Available protein structures:
- PDB: IPR004185 PF02903 (ECOD; PDBsum)
- AlphaFold: IPR004185; PF02903;

= Glycoside hydrolase family 13 =

In molecular biology, glycoside hydrolase family 13 is a family of glycoside hydrolases.

Glycoside hydrolases are a widespread group of enzymes that hydrolyse the glycosidic bond between two or more carbohydrates, or between a carbohydrate and a non-carbohydrate moiety. A classification system for glycoside hydrolases, based on sequence similarity, has led to the definition of >100 different families. This classification is available on the CAZy web site, and also discussed at CAZypedia, an online encyclopedia of carbohydrate active enzymes.
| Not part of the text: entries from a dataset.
(* Let $p$ be an odd prime and $G$ a finite $p$-group with cyclic commutator subgroup. Write $|G'|=p^m$ and $|G'\cap \mathrm{Z}(G)|=p^t$. Then ${\rm C}_G(G')=\{g\in G: g^{p^t}\in \mathrm{Z}(G)G'\}$ and ${\rm C}_G(G')'=\mho_{m-t}(G')$. Moreover, for every subgroup $N$ of $G$ contained in ${\rm C}_G(G')$ one has $\exp(N)=p^{\min\{n : {\mathrm D}_{p^n}(N)=1\}}$.
   Context: $\mathrm{Z}(G)$ is the center; $\mho_j(X)=\langle x^{p^j}:x\in X\rangle$. The Jennings series of a finite $p$-group $N$ is ${\mathrm D}_n(N)=\prod_{ip^j\ge n}\mho_j(\gamma_i(N))$, with $\gamma_i$ the lower central series. *)

theory Defs
  imports "HOL-Algebra.Algebra"
begin

definition center :: "('a, 'b) monoid_scheme \<Rightarrow> 'a set" where
  "center G = {z \<in> carrier G. \<forall>g \<in> carrier G. z \<otimes>\<^bsub>G\<^esub> g = g \<otimes>\<^bsub>G\<^esub> z}"

definition centralizer :: "('a, 'b) monoid_scheme \<Rightarrow> 'a set \<Rightarrow> 'a set" where
  "centralizer G H = {g \<in> carrier G. \<forall>h \<in> H. g \<otimes>\<^bsub>G\<^esub> h = h \<otimes>\<^bsub>G\<^esub> g}"

definition comm_subgroup :: "('a, 'b) monoid_scheme \<Rightarrow> 'a set \<Rightarrow> 'a set \<Rightarrow> 'a set" where
  "comm_subgroup G A B = generate G
     {a \<otimes>\<^bsub>G\<^esub> b \<otimes>\<^bsub>G\<^esub> inv\<^bsub>G\<^esub> a \<otimes>\<^bsub>G\<^esub> inv\<^bsub>G\<^esub> b | a b. a \<in> A \<and> b \<in> B}"
(* Let $\Gamma$ be a distance-regular graph with classical parameters $(D,b,\alpha,\beta)$ such that $b\ge2$, $b-1\ge\alpha\ge1$ and $D\ge3$, geometric with respect to a set $\mathcal C$ of Delsarte cliques. Let $r=[D]$. Assume that for every vertex $x$ the local graph at $x$ is the $\alpha$-clique extension of a $\frac{\beta}{\alpha}\times r$-grid, and assume $\beta>\alpha r$. Then: (a) for every assembly $M$ and every vertex $x$ at distance $i$ from $M$ ($i=0,1,\dots,D$), the number of vertices of $M$ at distance $i$ from $x$ equals $1+\alpha[i]$; (b) for every two vertices $x,y$ at distance $j$ ($j=1,\dots,D$), the number of assemblies containing $y$ at distance $j-1$ from $x$ equals $[j]$; (c) for every two vertices $x,y$ at distance $h$ ($h=0,1,\dots,D-1$), the subgraph induced on $B_h(x,y)=\Gamma_{h+1}(x)\cap\Gamma(y)$ is the $\alpha$-clique extension of a $(\frac{\beta}{\alpha}-[h])\times(r-[h])$-grid.
   Context: Distance-regular graph with intersection numbers $b_i,c_i$, valency $k=b_0$; $\Gamma_i(x)$ is the set of vertices at distance $i$ from $x$, $\Gamma(y)=\Gamma_1(y)$. For integer $b\ne1$, $[j]=\frac{b^j-1}{b-1}$. Classical parameters $(D,b,\alpha,\beta)$: diameter $D$, $b_i=([D]-[i])(\beta-\alpha[i])$, $c_i=[i](1+\alpha[i-1])$. A Delsarte clique is a clique with $1+\frac{k}{-\theta_{\min}}$ vertices, $\theta_{\min}$ the smallest adjacency eigenvalue; geometric with respect to $\mathcal C$ means every edge lies in exactly one member of $\mathcal C$. An assembly is a maximal clique of $\Gamma$ not in $\mathcal C$. Distance from a vertex to a set $T$: $d(x,T)=\min_{y\in T}d(x,y)$. The $m\times n$-grid is $K_m\Box K_n$; the $s$-clique extension of $\Delta$ replaces each vertex by an $s$-clique, vertices in distinct cliques being adjacent iff the original vertices are adjacent. *)

theory Defs
  imports Complex_Main
begin
(* Let $(X,Y)$ be a bivariate normal random vector in $\mathbb R^2$ with $\mathrm{Var}(X)=\mathrm{Var}(Y)>0$ and Pearson correlation $\varrho$. Using the metric $|x-y|$ on $\mathbb R$ and the Manhattan metric on pairs, \[ \big|1-\sqrt{1-\varrho}\,\big|\le\mathrm{eCor}(X,Y). \]
   Context: For probability measures $\mu,\nu$ on a metric space $(S,\rho)$ with finite first moments, $e(\mu,\nu)=\inf_\gamma\int\rho\,d\gamma$ over all couplings $\gamma$ of $\mu,\nu$. Pairs of reals carry the Manhattan metric $d[(x,y),(u,v)]=|x-u|+|y-v|$. $\mathrm{eCov}(X,Y)=e\big[(X,Y),(X',Y')\big]$ is the distance w.r.t. $d$ between the joint law of $(X,Y)$ and the product of its marginals (law of $(X',Y')$ with $X'\overset d=X$, $Y'\overset d=Y$ independent); $\mathrm{eVar}(X)=\mathrm{eCov}(X,X)$; $\mathrm{eCor}(X,Y)=\mathrm{eCov}(X,Y)/\min\{\mathrm{eVar}(X),\mathrm{eVar}(Y)\}$ when the denominator is positive. *)

theory Defs
  imports "HOL-Probability.Probability"
begin

definition couplings :: "'a::second_countable_topology measure \<Rightarrow> 'a measure \<Rightarrow> ('a \<times> 'a) measure set" where
  "couplings \<mu> \<nu> = {\<gamma>. prob_space \<gamma> \<and> sets \<gamma> = sets (borel :: ('a \<times> 'a) measure) \<and>
      distr \<gamma> borel fst = \<mu> \<and> distr \<gamma> borel snd = \<nu>}"

definition edist :: "('a::second_countable_topology \<Rightarrow> 'a \<Rightarrow> real) \<Rightarrow> 'a measure \<Rightarrow> 'a measure \<Rightarrow> real" where
  "edist \<rho> \<mu> \<nu> = enn2real (INF \<gamma>\<in>couplings \<mu> \<nu>. \<integral>\<^sup>+ z. ennreal (\<rho> (fst z) (snd z)) \<partial>\<gamma>)"

definition manhattan :: "real \<times> real \<Rightarrow> real \<times> real \<Rightarrow> real" where
  "manhattan p q = \<bar>fst p - fst q\<bar> + \<bar>snd p - snd q\<bar>"

definition eCov :: "'s measure \<Rightarrow> ('s \<Rightarrow> real) \<Rightarrow> ('s \<Rightarrow> real) \<Rightarrow> real" where
  "eCov M X Y = edist manhattan (distr M borel (\<lambda>\<omega>. (X \<omega>, Y \<omega>)))
      (distr M borel X \<Otimes>\<^sub>M distr M borel Y)"

definition eVar :: "'s measure \<Rightarrow> ('s \<Rightarrow> real) \<Rightarrow> real" where
  "eVar M X = eCov M X X"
Enzymes containing this domain belong to family 13 (CAZY GH_13) of the glycosyl hydrolases. The maltogenic alpha-amylase is an enzyme which catalyses hydrolysis of (1-4)-alpha-D-glucosidic linkages in polysaccharides so as to remove successive alpha-maltose residues from the non-reducing ends of the chains in the conversion of starch to maltose. Other enzymes in this family include neopullulanase, which hydrolyses pullulan to panose, and cyclomaltodextrinase, which hydrolyses cyclodextrins.